Lights of America makes an yellow CFL that supposedly has less tendy to attract bugs. It has a yellow outer glass bulb. You could use a bunch of this. 

Low pressure sodium is more or less monochromatic and everything appears in shades of amber.


----------



## Icebreak (Jul 3, 2006)

You could install a near UV lamp post across the street.


----------



## bfg9000 (Jul 3, 2006)

There are CFL bulbs designed to retrofit mercury lamp housings, but I've never seen a yellow bug-light version. And my yellow CFL bug-lights still seem to attract enough bugs that very fat spiders build webs on them anyway.

A better solution would be to surround it with the housing from a bug zapper and place a koi pond below. You get to keep your light, enjoy a pond, + have less bugs in the yard, with no cleaning and no feeding necessary.

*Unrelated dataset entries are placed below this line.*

(* Let $d\ge2$, let $\Omega=\{x\in\mathbb R^d:\ \ell_j(x)>b_j,\ j=1,\dots,m\}$ be a nonempty bounded open convex polytope, and suppose $\mathfrak E=\{e_1,\dots,e_p\}\subset\mathbb R^d$ is weakly incoming to $\Omega$. Let $x_0\in\overline\Omega$ and $k=\mathrm c(x_0)$. Then there exist $r>0$ and $I\subset\{1,\dots,m\}$ with $\#I=k$ such that $$\Omega\cap B(x_0,r)=B(x_0,r)\cap\Big(\bigcap_{i\in I}H_i^+\Big).$$ Further, there exist $\beta_1,\dots,\beta_k\in\{1,\dots,p\}$, $\theta_1,\dots,\theta_k\in\{\pm1\}$ and a bijection $\{1,\dots,k\}\ni n\mapsto i_n\in I$ such that for all $n\in\{1,\dots,k\}$: $\theta_ne_{\beta_n}$ is strictly incoming to $H_{i_n}$, and $\theta_ne_{\beta_n}$ is incoming to $H_{i_m}$ for all $m>n$.
   Context: $\ell_j$ are linear forms on $\mathbb R^d$ and $b_j$ reals. $B(x_0,r)$ is the open ball. Define $\mathrm c:\mathbb R^d\to\mathbb N\cup\{+\infty\}$ by $\mathrm c(x)=0$ if $x\in\Omega$, $+\infty$ if $x\notin\overline\Omega$, $\#\{i:\ell_i(x)=b_i\}$ if $x\in\partial\Omega$. $\mathfrak E$ is weakly incoming to $\Omega$ if for every $x_0\in\partial\Omega$ there exist $\epsilon>0$, $\theta\in\{\pm1\}$, $e\in\mathfrak E$ with $\mathrm c(x_0+\theta te)<\mathrm c(x_0)$ for all $t\in]0,\epsilon]$. For each $k$, $H_k=\ker\ell_k$, $H_k^+=\{y:\ell_k(y)>b_k\}$, and $\nu_k$ is the unit vector orthogonal to $H_k$ with $\ell_k(\nu_k)>0$. A vector $u\ne0$ is incoming to $H_k$ if $\langle u,\nu_k\rangle\ge0$, and strictly incoming to $H_k$ if $\langle u,\nu_k\rangle>0$. *)

theory Defs
  imports "HOL-Analysis.Analysis" "HOL-Library.Extended_Nat"
begin

definition polytope :: "(nat \<Rightarrow> 'a::euclidean_space \<Rightarrow> real) \<Rightarrow> (nat \<Rightarrow> real) \<Rightarrow> nat \<Rightarrow> 'a set" where
  "polytope l b m = {x. \<forall>j\<in>{1..m}. l j x > b j}"

definition cnt :: "(nat \<Rightarrow> 'a::euclidean_space \<Rightarrow> real) \<Rightarrow> (nat \<Rightarrow> real) \<Rightarrow> nat \<Rightarrow> 'a \<Rightarrow> enat" where
  "cnt l b m x =
     (if x \<in> polytope l b m then 0
      else if x \<notin> closure (polytope l b m) then \<infinity>
      else enat (card {i\<in>{1..m}. l i x = b i}))"

definition weakly_incoming :: "'a::euclidean_space set \<Rightarrow> (nat \<Rightarrow> 'a \<Rightarrow> real) \<Rightarrow> (nat \<Rightarrow> real) \<Rightarrow> nat \<Rightarrow> bool" where
  "weakly_incoming E l b m \<longleftrightarrow>
     (\<forall>x0\<in>frontier (polytope l b m). \<exists>\<epsilon>>0. \<exists>\<theta>\<in>{-1, 1::real}. \<exists>e\<in>E.
        \<forall>t\<in>{0<..\<epsilon>}. cnt l b m (x0 + (\<theta> * t) *\<^sub>R e) < cnt l b m x0)"

definition Hplus :: "('a \<Rightarrow> real) \<Rightarrow> real \<Rightarrow> 'a set" where
  "Hplus l c = {y. l y > c}"

definition unit_normal :: "('a::euclidean_space \<Rightarrow> real) \<Rightarrow> 'a" where
  "unit_normal l = (SOME v. norm v = 1 \<and> (\<forall>y. l y = 0 \<longrightarrow> v \<bullet> y = 0) \<and> l v > 0)"

definition incoming :: "'a::euclidean_space \<Rightarrow> ('a \<Rightarrow> real) \<Rightarrow> bool" where
  "incoming u l \<longleftrightarrow> u \<noteq> 0 \<and> u \<bullet> unit_normal l \<ge> 0"

definition strictly_incoming :: "'a::euclidean_space \<Rightarrow> ('a \<Rightarrow> real) \<Rightarrow> bool" where
  "strictly_incoming u l \<longleftrightarrow> u \<noteq> 0 \<and> u \<bullet> unit_normal l > 0"

end

theory Submission
  imports Defs
begin

text \<open>
  Near a point of the closure only the active constraints matter, which gives the local
  description of the polytope. For the directions, move from a boundary point along the
  signed vector supplied by weak incomingness: the count c drops, so the vector keeps every
  active constraint nonnegative and makes at least one of them positive, while for a short
  step the new active set is exactly the set of old active constraints the vector is tangent
  to. Iterating this descent peels the active constraints off in layers; enumerating them
  layer by layer gives the required ordering, since the vector of a layer is nonnegative on
  all later layers.
\<close>

definition active :: "(nat \<Rightarrow> 'a \<Rightarrow> real) \<Rightarrow> (nat \<Rightarrow> real) \<Rightarrow> nat \<Rightarrow> 'a \<Rightarrow> nat set" where
  "active l b m x = {i\<in>{1..m}. l i x = b i}"

lemma linear_add_scaleR_eq:
  fixes f :: "'a::euclidean_space \<Rightarrow> real"
  shows "linear f \<Longrightarrow> f (x + t *\<^sub>R u) = f x + t * f u"
  by (simp add: linear_add linear_cmul)

lemma continuous_on_linear_functional:
  fixes f :: "'a::euclidean_space \<Rightarrow> real"
  shows "linear f \<Longrightarrow> continuous_on S f"
  by (simp add: linear_continuous_on linear_conv_bounded_linear)

lemma closure_polytope_ge:
  fixes l :: "nat \<Rightarrow> 'a::euclidean_space \<Rightarrow> real"
  assumes lin: "\<forall>j\<in>{1..m}. linear (l j)" and x: "x \<in> closure (polytope l b m)"
    and j: "j \<in> {1..m}"
  shows "l j x \<ge> b j"
proof -
  have "closed {y. b j \<le> l j y}"
    using lin j by (intro closed_Collect_le continuous_on_const continuous_on_linear_functional) auto
  moreover have "polytope l b m \<subseteq> {y. b j \<le> l j y}"
    using j by (auto simp: polytope_def intro: less_imp_le)
  ultimately show ?thesis
    using x closure_minimal by blast
qed

lemma open_Inter_strict_halfspaces:
  fixes l :: "nat \<Rightarrow> 'a::euclidean_space \<Rightarrow> real"
  assumes "finite J" and "\<forall>j\<in>J. linear (l j)"
  shows "open (\<Inter>j\<in>J. {y. b j < l j y})"
  using assms
  by (intro open_INT ballI open_Collect_less continuous_on_const continuous_on_linear_functional) auto

lemma polytope_eq_Inter: "polytope l b m = (\<Inter>j\<in>{1..m}. {y. b j < l j y})"
  by (auto simp: polytope_def)

lemma closure_polytope_frontier:
  fixes l :: "nat \<Rightarrow> 'a::euclidean_space \<Rightarrow> real"
  assumes "\<forall>j\<in>{1..m}. linear (l j)" and "x \<in> closure (polytope l b m)"
    and "active l b m x \<noteq> {}"
  shows "x \<in> frontier (polytope l b m)"
proof -
  have "x \<notin> polytope l b m"
    using assms(3) by (force simp: active_def polytope_def)
  moreover have "open (polytope l b m)"
    unfolding polytope_eq_Inter using assms(1) by (intro open_Inter_strict_halfspaces) auto
  ultimately show ?thesis
    using assms(2) by (simp add: frontier_def interior_open)
qed

lemma cnt_closure:
  fixes l :: "nat \<Rightarrow> 'a::euclidean_space \<Rightarrow> real"
  assumes "x \<in> closure (polytope l b m)"
  shows "cnt l b m x = enat (card (active l b m x))"
proof (cases "x \<in> polytope l b m")
  case True
  then have "active l b m x = {}"
    by (force simp: active_def polytope_def)
  with True show ?thesis
    by (simp add: cnt_def zero_enat_def)
qed (use assms in \<open>simp add: cnt_def active_def\<close>)

lemma cnt_finite_imp_closure:
  "cnt l b m x < enat n \<Longrightarrow> x \<in> closure (polytope l b m)"
  using closure_subset by (auto simp: cnt_def split: if_splits)

lemma polytope_Int_ball_eq:
  fixes l :: "nat \<Rightarrow> 'a::euclidean_space \<Rightarrow> real"
  assumes lin: "\<forall>j\<in>{1..m}. linear (l j)" and x: "x \<in> closure (polytope l b m)"
  obtains r where "r > 0"
    "polytope l b m \<inter> ball x r = ball x r \<inter> (\<Inter>i\<in>active l b m x. Hplus (l i) (b i))"
proof -
  define U where "U = (\<Inter>j\<in>{1..m} - active l b m x. {y. b j < l j y})"
  have "open U"
    unfolding U_def using lin by (intro open_Inter_strict_halfspaces) auto
  moreover have "x \<in> U"
    using closure_polytope_ge[OF lin x] by (force simp: U_def active_def)
  ultimately obtain r where r: "r > 0" "ball x r \<subseteq> U"
    using open_contains_ball by blast
  have "polytope l b m = U \<inter> (\<Inter>i\<in>active l b m x. Hplus (l i) (b i))"
    by (auto simp: polytope_def U_def Hplus_def active_def)
  with r show ?thesis
    by (intro that[of r]) auto
qed

lemma active_after_short_step:
  fixes l :: "nat \<Rightarrow> 'a::euclidean_space \<Rightarrow> real"
  assumes lin: "\<forall>j\<in>{1..m}. linear (l j)"
  obtains d where "d > 0"
    "\<And>t. 0 < t \<Longrightarrow> t < d \<Longrightarrow> active l b m (x + t *\<^sub>R u) = {i\<in>active l b m x. l i u = 0}"
proof -
  let ?J = "{1..m} - active l b m x"
  have "\<forall>\<^sub>F t in at_right 0. \<forall>j\<in>?J. l j x + t * l j u \<noteq> b j"
  proof (rule eventually_ball_finite)
    show "\<forall>j\<in>?J. \<forall>\<^sub>F t in at_right 0. l j x + t * l j u \<noteq> b j"
    proof
      fix j assume "j \<in> ?J"
      then have "l j x + 0 * l j u \<noteq> b j"
        by (simp add: active_def)
      moreover have "((\<lambda>t. l j x + t * l j u) \<longlongrightarrow> l j x + 0 * l j u) (at_right 0)"
        by (intro tendsto_intros)
      ultimately show "\<forall>\<^sub>F t in at_right 0. l j x + t * l j u \<noteq> b j"
        using tendsto_imp_eventually_ne by blast
    qed
  qed simp
  then obtain d where d: "d > 0" "\<And>t. 0 < t \<Longrightarrow> t < d \<Longrightarrow> \<forall>j\<in>?J. l j x + t * l j u \<noteq> b j"
    by (auto simp: eventually_at_right_field)
  show ?thesis
  proof (rule that[OF d(1)])
    fix t :: real assume "0 < t" "t < d"
    with d(2)[of t] show "active l b m (x + t *\<^sub>R u) = {i\<in>active l b m x. l i u = 0}"
      using lin by (auto simp: active_def linear_add_scaleR_eq)
  qed
qed
(* Consider the following setting. Let $\mathcal{Z}=\mathcal{Z}_1\times\cdots\times\mathcal{Z}_N\subset\mathbb{R}^n$ be a product of nonempty convex compact sets, and for each $i$ let $C_i:\mathcal{Z}_i\to\mathbb{R}$ be twice differentiable with $\nabla^2 C_i(z_i)\succeq\sigma_c I$ for some $\sigma_c>0$ and with Lipschitz continuous gradient on $\mathcal{Z}_i$. Let $g(z)=Rz+g_0$ be an affine map $\mathbb{R}^n\to\mathbb{R}^m$ with $\|R\|_F\le\sigma_g$, $\sigma_g>0$, and assume the convex problem $\min\{\sum_i C_i(z_i): z\in\mathcal{Z},\ g(z)\le 0\}$ satisfies Slater's condition. Fix $\phi>0$, let $\mathcal{L}(z,\mu)=\sum_i C_i(z_i)+\mu^\top g(z)-\frac{\phi}{2}\|\mu\|^2$, $h(\mu)=\min_{z\in\mathcal{Z}}\mathcal{L}(z,\mu)$, let $(z^*,\mu^* )$ be the unique saddle point of $\mathcal{L}$ over $\mathcal{Z}\times\mathbb{R}^m_{\ge0}$, and let $\sigma_h>0$ satisfy $(\nabla h(\mu)-\nabla h(\tilde\mu))^\top(\mu-\tilde\mu)\le-\sigma_h\|\mu-\tilde\mu\|^2$ for all $\mu,\tilde\mu\ge0$. Suppose there are no discrete decision variables, so the algorithm is the deterministic dual gradient method: from $\mu(1)\ge0$, $z(k+1)=\arg\min_{z\in\mathcal{Z}}\mathcal{L}(z,\mu(k))$ and $\mu(k+1)=[\mu(k)+\varepsilon(g(z(k+1))-\phi\mu(k))]_+$. If $0<\varepsilon<2\sigma_h/(\sigma_g^2/\sigma_c+\phi)^2$, then $\lim_{k\to\infty}\|\mu(k)-\mu^*\|^2=0$ and $\lim_{k\to\infty}\|z(k)-z^*\|^2=0$.
   Context: $[\cdot]_+$ denotes componentwise projection onto the nonnegative orthant; $\|\cdot\|$ is the Euclidean norm and $\|\cdot\|_F$ the Frobenius norm. *)

theory Defs
  imports "HOL-Analysis.Analysis"
begin

text \<open>Block structure: coordinates of z in R^n (index type 'n) are partitioned into
  N blocks (index type 'b) by blk :: 'n => 'b.  The block R^{n_i} is identified with
  the coordinate subspace of vectors supported on the i-th block.\<close>

definition blockspace :: "('n \<Rightarrow> 'b) \<Rightarrow> 'b \<Rightarrow> (real^'n) set" where
  "blockspace blk i = {x. \<forall>j. blk j \<noteq> i \<longrightarrow> x $ j = 0}"

definition blockproj :: "('n \<Rightarrow> 'b) \<Rightarrow> 'b \<Rightarrow> real^'n \<Rightarrow> real^'n" where
  "blockproj blk i z = (\<chi> j. if blk j = i then z $ j else 0)"

definition prodset :: "('n \<Rightarrow> 'b) \<Rightarrow> ('b \<Rightarrow> (real^'n) set) \<Rightarrow> (real^'n) set" where
  "prodset blk Zb = {z. \<forall>i. blockproj blk i z \<in> Zb i}"

definition nonneg :: "real^'m \<Rightarrow> bool" where
  "nonneg x \<longleftrightarrow> (\<forall>j. 0 \<le> x $ j)"

definition posproj :: "real^'m \<Rightarrow> real^'m" where
  "posproj x = (\<chi> j. max 0 (x $ j))"

definition frob_norm :: "real^'n^'m \<Rightarrow> real" where
  "frob_norm R = sqrt (\<Sum>i\<in>UNIV. \<Sum>j\<in>UNIV. (R $ i $ j)^2)"

definition Lagr ::
  "('b::finite \<Rightarrow> real^'n \<Rightarrow> real) \<Rightarrow> ('n \<Rightarrow> 'b) \<Rightarrow> real^'n^'m \<Rightarrow> real^'m \<Rightarrow> real
     \<Rightarrow> real^'n \<Rightarrow> real^'m \<Rightarrow> real" where
  "Lagr C blk R g0 \<phi> z \<mu> =
     (\<Sum>i\<in>UNIV. C i (blockproj blk i z)) + \<mu> \<bullet> (R *v z + g0) - \<phi> / 2 * (norm \<mu>)^2"

end

(*
  The regularized dual function h is differentiable with gradient g(z_mu) - phi mu, where z_mu
  is the primal minimizer at mu (Danskin): h is squeezed between two quadratics touching at mu.
  Strong convexity of the costs makes mu |-> z_mu Lipschitz with constant sigma_g/sigma_c, so the
  gradient of h is Lipschitz with constant L = sigma_g^2/sigma_c + phi. The saddle multiplier mu*
  is a fixed point of the projected gradient step, and since the projection onto the orthant is
  nonexpansive, the sigma_h-strong monotonicity of the gradient gives
  |mu(k+1) - mu*|^2 <= (1 - 2 eps sigma_h + eps^2 L^2) |mu(k) - mu*|^2, a contraction for the
  admissible step sizes. The primal iterates follow through |z(k+1) - z*| <= sigma_g/sigma_c |mu(k) - mu*|.
*)
theory Submission
  imports Defs
begin

section \<open>Strong convexity\<close>

definition strongly_convex_on :: "'a::real_normed_vector set \<Rightarrow> real \<Rightarrow> ('a \<Rightarrow> real) \<Rightarrow> bool" where
  "strongly_convex_on S \<sigma> f \<longleftrightarrow>
     (\<forall>x\<in>S. \<forall>y\<in>S. \<forall>t. 0 \<le> t \<longrightarrow> t \<le> 1 \<longrightarrow>
        f ((1 - t) *\<^sub>R x + t *\<^sub>R y)
          \<le> (1 - t) * f x + t * f y - \<sigma> / 2 * (t * (1 - t)) * (norm (x - y))^2)"

lemma strongly_convex_onD:
  assumes "strongly_convex_on S \<sigma> f" "x \<in> S" "y \<in> S" "0 \<le> t" "t \<le> 1"
  shows "f ((1 - t) *\<^sub>R x + t *\<^sub>R y)
           \<le> (1 - t) * f x + t * f y - \<sigma> / 2 * (t * (1 - t)) * (norm (x - y))^2"
  using assms unfolding strongly_convex_on_def by blast

lemma strongly_convex_on_add_affine:
  assumes "strongly_convex_on S \<sigma> f" "linear l"
  shows "strongly_convex_on S \<sigma> (\<lambda>x. f x + l x + c)"
  unfolding strongly_convex_on_def
proof (intro ballI allI impI)
  fix x y t assume "x \<in> S" "y \<in> S" "0 \<le> (t::real)" "t \<le> 1"
  then have "f ((1 - t) *\<^sub>R x + t *\<^sub>R y)
      \<le> (1 - t) * f x + t * f y - \<sigma> / 2 * (t * (1 - t)) * (norm (x - y))^2"
    by (rule strongly_convex_onD[OF assms(1)])
  moreover have "l ((1 - t) *\<^sub>R x + t *\<^sub>R y) = (1 - t) * l x + t * l y"
    using assms(2) by (simp add: linear_add linear_scale)
  ultimately show "f ((1 - t) *\<^sub>R x + t *\<^sub>R y) + l ((1 - t) *\<^sub>R x + t *\<^sub>R y) + c
      \<le> (1 - t) * (f x + l x + c) + t * (f y + l y + c) - \<sigma> / 2 * (t * (1 - t)) * (norm (x - y))^2"
    by (simp add: algebra_simps)
qed

text \<open>Compare the minimum with the values on the segment towards \<open>b\<close> and let the segment
  shrink.\<close>

lemma strongly_convex_on_minimizer_growth:
  assumes f: "strongly_convex_on S \<sigma> f" and S: "convex S"
    and a: "a \<in> S" and minimal: "\<And>y. y \<in> S \<Longrightarrow> f a \<le> f y" and b: "b \<in> S"
  shows "f a + \<sigma> / 2 * (norm (b - a))^2 \<le> f b"
proof -
  have approx: "f a + \<sigma> / 2 * (1 - inverse (real (Suc n))) * (norm (b - a))^2 \<le> f b" for n
  proof -
    define t where "t = inverse (real (Suc n))"
    have t: "0 < t" "t \<le> 1" by (auto simp: t_def field_simps)
    have "f a \<le> f ((1 - t) *\<^sub>R a + t *\<^sub>R b)"
      using t S a b by (intro minimal) (simp add: convex_alt)
    also have "\<dots> \<le> (1 - t) * f a + t * f b - \<sigma> / 2 * (t * (1 - t)) * (norm (a - b))^2"
      using t by (intro strongly_convex_onD[OF f a b]) auto
    finally have "t * (f a + \<sigma> / 2 * (1 - t) * (norm (b - a))^2) \<le> t * f b"
      by (simp add: algebra_simps norm_minus_commute)
    then show ?thesis using t unfolding t_def[symmetric] by simp
  qed
  have "(\<lambda>n. f a + \<sigma> / 2 * (1 - inverse (real (Suc n))) * (norm (b - a))^2)
      \<longlonglongrightarrow> f a + \<sigma> / 2 * (1 - 0) * (norm (b - a))^2"
    by (intro tendsto_intros LIMSEQ_inverse_real_of_nat)
  then have "f a + \<sigma> / 2 * (1 - 0) * (norm (b - a))^2 \<le> f b"
    by (rule LIMSEQ_le_const2) (use approx in auto)
  then show ?thesis by simp
qed

lemma DERIV_nonneg_within_imp_increasing:
  fixes q q' :: "real \<Rightarrow> real"
  assumes deriv: "\<And>t. t \<in> {a..b} \<Longrightarrow> (q has_real_derivative q' t) (at t within {a..b})"
    and nonneg: "\<And>t. a < t \<Longrightarrow> t < b \<Longrightarrow> 0 \<le> q' t"
    and t: "t \<in> {a..b}"
  shows "q a \<le> q t"
proof (rule DERIV_nonneg_imp_increasing_open[where f = q])
  show "a \<le> t" using t by simp
  have "continuous_on {a..b} q"
    using deriv by (rule DERIV_continuous_on)
  then show "continuous_on {a..t} q"
    using t by (auto intro: continuous_on_subset)
next
  fix u assume u: "a < u" "u < t"
  then have "at u within {a..b} = at u"
    using t by (intro at_within_interior) auto
  then show "\<exists>y. (q has_real_derivative y) (at u) \<and> 0 \<le> y"
    using deriv[of u] nonneg[of u] u t by auto
qed

lemma has_derivative_along_segment:
  fixes f :: "'a::real_normed_vector \<Rightarrow> 'b::real_normed_vector"
  assumes S: "convex S" "x \<in> S" "y \<in> S"
    and f: "\<And>p. p \<in> S \<Longrightarrow> (f has_derivative f' p) (at p within S)"
    and t: "t \<in> {0..1}"
  shows "((\<lambda>t. f (x + t *\<^sub>R (y - x))) has_derivative
           (\<lambda>s. f' (x + t *\<^sub>R (y - x)) (s *\<^sub>R (y - x)))) (at t within {0..1})"
proof (rule has_derivative_in_compose2[OF f _ t])
  show "(\<lambda>t. x + t *\<^sub>R (y - x)) ` {0..1} \<subseteq> S"
  proof clarify
    fix u :: real assume "u \<in> {0..1}"
    then have "(1 - u) *\<^sub>R x + u *\<^sub>R y \<in> S" using S by (simp add: convex_alt)
    then show "x + u *\<^sub>R (y - x) \<in> S" by (simp add: algebra_simps)
  qed
qed (auto intro!: derivative_eq_intros)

Only downside would be the persistent bzzt! noises...


----------



## red_robby (Jul 3, 2006)

Icebreak said:


> You could install a near UV lamp post across the street.


----------



## mdocod (Jul 3, 2006)

you could get yourself and friends a few badmitten rackets, a few beers, and find a new level of fun on account of your light


----------



## mattheww50 (Jul 3, 2006)

Frangible said:


> I have a 175w Mercury Vapor porch light that is sufficiently bright, unfortunately due to the color (too much blue/UV) it attracts a lot of bugs.
> 
> Can anyone give any recommendations for resolving this? Can I directly coat the bulb with paint, or would that be bad? What options are there for a light filter to cut the blue/UV out?
> 
> ...



In general Sodium Vapor lamps need a different ballast.
However GE makes some lamps that are direct replacements for Mercury vapor lamps. They are called I-line Multi-vapor, and will run in existing sockets with existing Mercury Vapor ballasts.


----------



## snowleopard (Aug 3, 2006)

I had been wondering about bugs and yellow lights:
http://www.gelighting.com/na/business_lighting/faqs/incandescent.htm#5



> *How does the Yellow Bug-Lite Work?* Insects and humans have different visual perceptions. This allows for people to have better control of nocturnal insect nuisances by adjusting the color of lighting.
> 
> The human visual system is activated by radiant energy in the color range from deep blue to dark red, which we call light. The vision of flying insects, however, is shifted away from long-wavelength red toward the shorter blue and near ultraviolet (black light) wavelengths of the electromagnetic spectrum. Sources which radiate ultraviolet energy and blue light are most attractive to flying insects, while those with a deficiency of ultraviolet and blue are less attractive. Insects see black light fluorescent, mercury, and metal halide best. Lamps which insects have a difficult time seeing include incandescent, high-pressure sodium, and bug light incandescent (yellow).
> 
> ...



Logically a red light would be best, but that would have connotations that the neighbors might not like. My only yellow light is a CMG Infinity (original) and it is too dim to attract anything. One of the advantages of relapsing into a flashoholic is that I leave my outside light off and use a flashlight instead; no more gauntlet of mosquitos.

--Walter


----------